FIG. 5 is an enlarged cross-sectional view of an ultrasonic transducer mounting structure according to another embodiment of the present invention.

FIG. 6 is a longitudinal sectional view of a conventional ultrasonic cleaning device.

[Explanation of symbols]

 21: diaphragm 24: vibrator 41a, 41b: reinforcing member

Claims (3)

[Claims] 1. An ultrasonic vibration device in which a vibrator is attached to a vibrating plate and the vibrator is driven by an ultrasonic oscillator, wherein the vibrating plate has a thickness of less than 0.1 mm. Ultrasonic vibration device. 2. An ultrasonic vibration device in which a vibrator is attached to a vibrating plate and the vibrator is driven by an ultrasonic oscillator, wherein the vibrating plate has a thickness of less than 0.1 mm and the vibrator has a thickness of less than 0.1 mm.

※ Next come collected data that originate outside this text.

text \<open>Both sides are values at \<open>X = x\<close> of polynomials in \<open>X\<close> with coefficients depending on
  \<open>y\<close> and \<open>\<beta>\<close>. Every permutation of \<open>[m+1]\<close> arises exactly once by inserting \<open>m+1\<close> into a
  slot of a permutation of \<open>[m]\<close>, and inserting a maximum changes left peaks, descents and
  left-to-right/right-to-left minima in a way that only depends on the old values. Summing over
  the slots shows that both sides, as polynomials \<open>P\<^sub>n\<close>, satisfy
  \<open>P\<^sub>n\<^sub>+\<^sub>1 = (\<beta>(y + X)/2 + nX) P\<^sub>n + (y - X) X P\<^sub>n'\<close>, and both equal \<open>1\<close> for \<open>n = 0\<close>.\<close>

lemma card_less_Suc_eq:
  "card {i. i < Suc m \<and> P i} = (if P 0 then 1 else 0) + card {i. i < m \<and> P (Suc i)}"
proof -
  have "{i. i < Suc m \<and> P i} = (if P 0 then {0} else {}) \<union> Suc ` {i. i < m \<and> P (Suc i)}"
    by (auto simp: less_Suc_eq_0_disj)
  moreover have "card (Suc ` {i. i < m \<and> P (Suc i)}) = card {i. i < m \<and> P (Suc i)}"
    by (rule card_image) simp
  ultimately show ?thesis by (auto simp: card_insert_if)
qed

lemma des_Nil [simp]: "des [] = 0"
  by (simp add: des_def)

lemma des_singleton [simp]: "des [a] = 0"
  by (simp add: des_def)

lemma des_Cons_Cons [simp]: "des (a # b # xs) = (if b < a then 1 else 0) + des (b # xs)"
  unfolding des_def by (simp add: card_less_Suc_eq del: nth_Cons_Suc)

lemma des_less_length: "xs \<noteq> [] \<Longrightarrow> des xs < length xs"
  by (induction xs rule: induct_list012) auto

text \<open>Left peaks with the convention \<open>s\<^sub>0 = p\<close>, so that the statistic recurses along the list.\<close>

definition lpk_from :: "nat \<Rightarrow> nat list \<Rightarrow> nat" where
  "lpk_from p s = card {i. Suc i < length s \<and>
      (if i = 0 then p else s ! (i - 1)) < s ! i \<and> s ! i > s ! Suc i}"

lemma lpk_eq_lpk_from_0: "lpk s = lpk_from 0 s"
  by (simp add: lpk_def lpk_from_def)

lemma lpk_from_Nil [simp]: "lpk_from p [] = 0"
  by (simp add: lpk_from_def)

lemma lpk_from_singleton [simp]: "lpk_from p [a] = 0"
  by (simp add: lpk_from_def)

lemma lpk_from_Cons_Cons [simp]:
  "lpk_from p (a # b # xs) = (if p < a \<and> b < a then 1 else 0) + lpk_from a (b # xs)"
  unfolding lpk_from_def
  by (simp add: card_less_Suc_eq del: nth_Cons_Suc) (simp add: nth_Cons' cong: conj_cong)

lemma lpk_from_Cons_descent: "b < a \<Longrightarrow> lpk_from a (b # xs) = lpk_from b xs"
  by (cases xs) auto

lemma lpk_from_le_length: "2 * lpk_from p xs \<le> length xs"
proof (induction xs arbitrary: p rule: induct_list012)
  case (3 a b r)
  show ?case
  proof (cases "p < a \<and> b < a")
    case True
    then show ?thesis using "3.IH"(1)[of b] by (simp add: lpk_from_Cons_descent)
  next
    case False
    then show ?thesis using "3.IH"(2)[of a] by auto
  qed
qed simp_all

lemma rlmin_Nil [simp]: "rlmin [] = 0"
  by (simp add: rlmin_def)

lemma rlmin_Cons [simp]: "rlmin (a # xs) = (if \<forall>z\<in>set xs. a < z then 1 else 0) + rlmin xs"
proof -
  have "(\<forall>j. 0 < j \<and> j < Suc (length xs) \<longrightarrow> a < (a # xs) ! j) \<longleftrightarrow> (\<forall>z\<in>set xs. a < z)"
    by (auto simp: all_set_conv_all_nth gr0_conv_Suc)
  moreover have "(\<forall>j. Suc i < j \<and> j < Suc (length xs) \<longrightarrow> xs ! i < (a # xs) ! j)
      \<longleftrightarrow> (\<forall>j. i < j \<and> j < length xs \<longrightarrow> xs ! i < xs ! j)" for i
    by (auto simp: gr0_conv_Suc) (metis Suc_lessE Suc_less_eq nth_Cons_Suc)
  ultimately show ?thesis
    unfolding rlmin_def by (simp add: card_less_Suc_eq del: nth_Cons_Suc)
qed

lemma rlmin_pos: "xs \<noteq> [] \<Longrightarrow> 0 < rlmin xs"
  by (induction xs) force+

lemma lrmin_eq_rlmin_rev: "lrmin s = rlmin (rev s)"
proof -
  let ?n = "length s" and ?r = "\<lambda>i. length s - Suc i"
  let ?A = "{i. i < ?n \<and> (\<forall>j<i. s ! j > s ! i)}"
  let ?B = "{i. i < ?n \<and> (\<forall>j. i < j \<and> j < ?n \<longrightarrow> rev s ! j > rev s ! i)}"
  have "bij_betw ?r ?A ?B"
  proof (rule bij_betw_byWitness[where f' = ?r])
    show "?r ` ?A \<subseteq> ?B"
    proof (rule image_subsetI, safe)
      fix i j assume "i < ?n" "\<forall>j<i. s ! j > s ! i" "?r i < j" "j < ?n"
      moreover from this have "?r j < i" by linarith
      ultimately show "rev s ! j > rev s ! ?r i" by (simp add: rev_nth)
    qed simp
    show "?r ` ?B \<subseteq> ?A"
    proof (rule image_subsetI, safe)
      fix i j assume i: "i < ?n" and B: "\<forall>j. i < j \<and> j < ?n \<longrightarrow> rev s ! j > rev s ! i"
        and j: "j < ?r i"
      have "rev s ! ?r j > rev s ! i" using B i j by (simp add: less_diff_conv)
      then show "s ! j > s ! ?r i" using i j by (simp add: rev_nth)
    qed simp
  qed auto
  then show ?thesis
    unfolding lrmin_def rlmin_def by (simp add: bij_betw_same_card)
qed

lemma lrmin_pos: "xs \<noteq> [] \<Longrightarrow> 0 < lrmin xs"
  by (simp add: lrmin_eq_rlmin_rev rlmin_pos)

definition insert_at :: "nat \<Rightarrow> 'a \<Rightarrow> 'a list \<Rightarrow> 'a list" where
  "insert_at j M xs = take j xs @ M # drop j xs"

lemma insert_at_0 [simp]: "insert_at 0 M xs = M # xs"
  by (simp add: insert_at_def)

lemma insert_at_Suc_Cons [simp]: "insert_at (Suc j) M (a # xs) = a # insert_at j M xs"
  by (simp add: insert_at_def)

lemma insert_at_beyond: "length xs \<le> j \<Longrightarrow> insert_at j M xs = xs @ [M]"
  by (simp add: insert_at_def)

lemma set_insert_at [simp]: "set (insert_at j M xs) = insert M (set xs)"
  by (metis append_take_drop_id insert_at_def set_append set_simps(2) Un_insert_right)

lemma distinct_insert_at: "distinct xs \<Longrightarrow> M \<notin> set xs \<Longrightarrow> distinct (insert_at j M xs)"
  unfolding insert_at_def
  by (auto simp: set_take_disj_set_drop_if_distinct dest: in_set_takeD in_set_dropD)

lemma rev_insert_at: "j \<le> length xs \<Longrightarrow> rev (insert_at j M xs) = insert_at (length xs - j) M (rev xs)"
  by (simp add: insert_at_def rev_take rev_drop)

lemma insert_at_inject:
  assumes "M \<notin> set xs" "M \<notin> set ys" "j \<le> length xs" "k \<le> length ys"
    and "insert_at j M xs = insert_at k M ys"
  shows "xs = ys \<and> j = k"
proof -
  have "M \<notin> set (take j xs)" "M \<notin> set (drop j xs)"
    using assms(1) by (auto dest: in_set_takeD in_set_dropD)
  then have "take j xs = take k ys \<and> drop j xs = drop k ys"
    using assms(5) by (simp add: insert_at_def append_Cons_eq_iff)
  then show ?thesis
    using assms(3,4) by (metis append_take_drop_id length_take min.absorb2)
qed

An ultrasonic vibrating device characterized in that a portion deviated from the structure has a structure reinforced by a reinforcing member. 3. An ultrasonic cleaning device provided with an ultrasonic vibration device for applying ultrasonic vibration to a cleaning liquid for cleaning an object to be cleaned, wherein the ultrasonic vibration device is according to claim 1 or 2. An ultrasonic cleaning apparatus characterized by having a configuration as described above.